Position Title: Associate Professor and Department Head
Area of Study: American Literature and Film Studies
What motivates you about your chosen field?
The majority of my research is in war literature and film, specifically the Vietnam and Gulf Wars as well as Afghanistan. I am consistently looking for ways to bring my research endeavors not only into my classrooms but also into the communities at large.
Why did you choose to teach at SDSU?
I am a South Dakota native (Mitchell), and I attended SDSU from 1990-94 (BA in English Education) and again from 1996-98 (MA in English). When I finished my Ph.D. at the University of Kentucky, I pursued a Visiting Assistant Professor position here, and the position turned into a tenure track the following year. I have always felt that SDSU is an excellent university, and I am glad to be a part of its community. I'm also glad to be here during this important time of change at the university.

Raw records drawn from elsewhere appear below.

text \<open>Forall-introduction at the level of the invariant contexts: the
  eigenvariable x is renamed to a fresh variable, which is then bound by Xi.\<close>
lemma ctx_all_intro:
  assumes der: "ider (ctx ctype \<Delta> (insert x S)) (tr \<phi>)" and fin: "finite \<Delta>" "finite S"
    and x: "x = (n, \<tau>)" "x \<notin> FVs \<Delta>" and dom: "\<tau> = To \<or> (\<exists>b. \<tau> = Base b)"
    and fo: "formula ctype \<phi>"
  shows "ider (ctx ctype \<Delta> S) (tr (PAll \<tau> (closep 0 x \<phi>)))"
proof -
  have lc: "lc_at 0 (tr \<phi>)" "lc_at (Suc 0) (tr (closep 0 x \<phi>))"
    using fo typed_close[of ctype "[]" \<phi> To x \<tau>] typed_lc_at x(1)
    by (fastforce simp: formula_def formula_lc_at)+
  have "finite (fvls (ctx ctype \<Delta> S) \<union> fvp \<phi> \<union> {x})"
    using finite_fvls_ctx[OF fin] by simp
  then have "\<exists>m. (m, \<tau>) \<notin> fvls (ctx ctype \<Delta> S) \<union> fvp \<phi> \<union> {x}" by (rule fresh_var)
  then obtain m where m: "(m, \<tau>) \<notin> fvls (ctx ctype \<Delta> S) \<union> fvp \<phi> \<union> {x}" ..
  have "ider (insert (var_axiom (m, \<tau>)) (ctx ctype \<Delta> S)) (lsubst (LV(x := LV (m, \<tau>))) (tr \<phi>))"
    by (rule ctx_rename[OF der fin x(2)]) (simp add: x(1))
  then have "ider (insert (LAp (At \<tau>) (LV (m, \<tau>))) (ctx ctype \<Delta> S))
      (subst (tr (closep 0 x \<phi>)) (LV (m, \<tau>)) 0)"
    using tr_close[of 0 \<phi> "LV (m, \<tau>)" x] lc(1) by (simp add: var_axiom_def)
  from ider_Xi_intro[OF this ider_L_At[OF dom]] show ?thesis
    using m lc(2) by simp
qed

lemma ctx_all_elim:
  assumes der: "ider (ctx ctype \<Delta> S) (tr (PAll \<tau> \<phi>))" and ty: "typed ctype [] t \<tau>"
    and sub: "fvp t \<subseteq> S" and fin: "finite \<Delta>" "finite S" and fo: "formula ctype (PAll \<tau> \<phi>)"
  shows "ider (ctx ctype \<Delta> S) (tr (openp 0 t \<phi>))"
proof -
  have ty_body: "typed ctype [\<tau>] \<phi> To" using fo by (auto simp: formula_def elim: typed_PAllE)
  have lc: "lc_at (Suc 0) (tr \<phi>)" using typed_lc_at[OF ty_body] by simp
  have open_eq: "subst (tr \<phi>) (tr t) 0 = tr (openp 0 t \<phi>)"
    using tr_open[OF typed_lc_at[OF ty, simplified] lc] .
  have "lc_at 0 (tr (openp 0 t \<phi>))"
    using typed_lc_at[OF typed_open[OF ty_body _ ty, of "[]"]] by simp
  then have "lc_at 0 (subst (tr \<phi>) (tr t) 0)" using open_eq by simp
  moreover have "ider (ctx ctype \<Delta> S) (LXi (At \<tau>) (LAbs (tr \<phi>)))" using der by simp
  moreover have "ider (ctx ctype \<Delta> S) (LAp (At \<tau>) (tr t))" by (rule typed_At_ctx[OF ty sub fin])
  ultimately have "ider (ctx ctype \<Delta> S) (subst (tr \<phi>) (tr t) 0)"
    using ider_Xi_elim by blast
  then show ?thesis by (simp only: open_eq)
qed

What have been some of your greatest accomplishments while at State?
I consider my teaching to be my greatest accomplishment - almost everything I do has some connection to the classes I teach. I am restless when it comes to preparing for classes. I am not satisfied with my efforts unless I put myself and the class in a position to have an outstanding class session time after time. I am most proud of this, hands down. I am also very proud of my outreach work with the Sioux Falls VA Hospital, for which I am in my second year of facilitating the Literature and Medicine Program for the hospital staff. In this program, I work with the staff on ways to use literature and film to address issues that our veterans face in their day-to-day lives. I am also proud to have been recognized as the recipient for the 30th Annual Victor Webster award in 2010 - the award recognizes excellence in teaching, scholarship, and service, and I was nominated for it by my peers, largely based on my work with war literature and film.
What do you enjoy most about SDSU?
My colleagues and my students - great community of people in which to live and work. It's actually fun coming to work each and every day!

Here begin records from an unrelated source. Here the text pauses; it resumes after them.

lemma diam_section_le:
  "\<exists>A\<in>sets samples. 3/4 \<le> measure samples A \<and>
     (\<forall>w\<in>A. diam_n n (T \<inter> ker_Gamma n k w)
        \<le> ennreal (32 / \<kappa> / sqrt (real k)) *
           max (\<integral>\<^sup>+ g. dual_norm n T g \<partial>gaussM n)
               (\<integral>\<^sup>+ w. dual_norm n T (normalized_sum w) \<partial>samples))"
  (is "\<exists>A\<in>_. _ \<and> (\<forall>w\<in>A. _ \<le> ennreal ?c * max ?G ?S)")
proof (cases "?S = \<top>")
  case True
  interpret samples: prob_space samples by (intro prob_space_PiM \<mu>)
  have "0 < ?c" using lam sqrt_k_pos by simp
  with True show ?thesis
    by (intro bexI[of _ "space samples"]) (auto simp: ennreal_mult_top samples.prob_space)
next
  case False
  define e where "e = enn2real ?S"
  then have "0 \<le> e" and mean_norm: "?S = ennreal e"
    using False by (auto simp: ennreal_enn2real_if)
  obtain A where A: "A \<in> sets samples" "3/4 \<le> measure samples A"
    "\<And>w x. w \<in> A \<Longrightarrow> x \<in> T \<inter> ker_Gamma n k w \<Longrightarrow> norm_n n x \<le> 16 * e / (sqrt (real k) * \<kappa>)"
    using small_section_event[OF \<open>0 \<le> e\<close> mean_norm] by blast
  have "diam_n n (T \<inter> ker_Gamma n k w) \<le> ennreal ?c * max ?G ?S" if "w \<in> A" for w
  proof -
    have "diam_n n (T \<inter> ker_Gamma n k w) \<le> ennreal (2 * (16 * e / (sqrt (real k) * \<kappa>)))"
      using A(3) that by (intro diam_n_le)
    also have "\<dots> = ennreal ?c * ?S"
      using lam sqrt_k_pos \<open>0 \<le> e\<close> mean_norm by (simp add: ennreal_mult[symmetric] field_simps)
    also have "\<dots> \<le> ennreal ?c * max ?G ?S"
      by (intro mult_left_mono) auto
    finally show ?thesis .
  qed
  with A show ?thesis by blast
qed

What piece of advice would you give new students?
Don't underestimate how important it is to keep up with reading and other coursework. University classes often move very quickly, and falling behind is a difficult thing from which to recover. Keep your options open: One may "know" what his or her major is from the very first moment arriving on campus; however, one always needs to remember that nothing is set in stone, and that taking a class or two outside of one's area can - and often does - have a lasting impact on that person's intellectual life.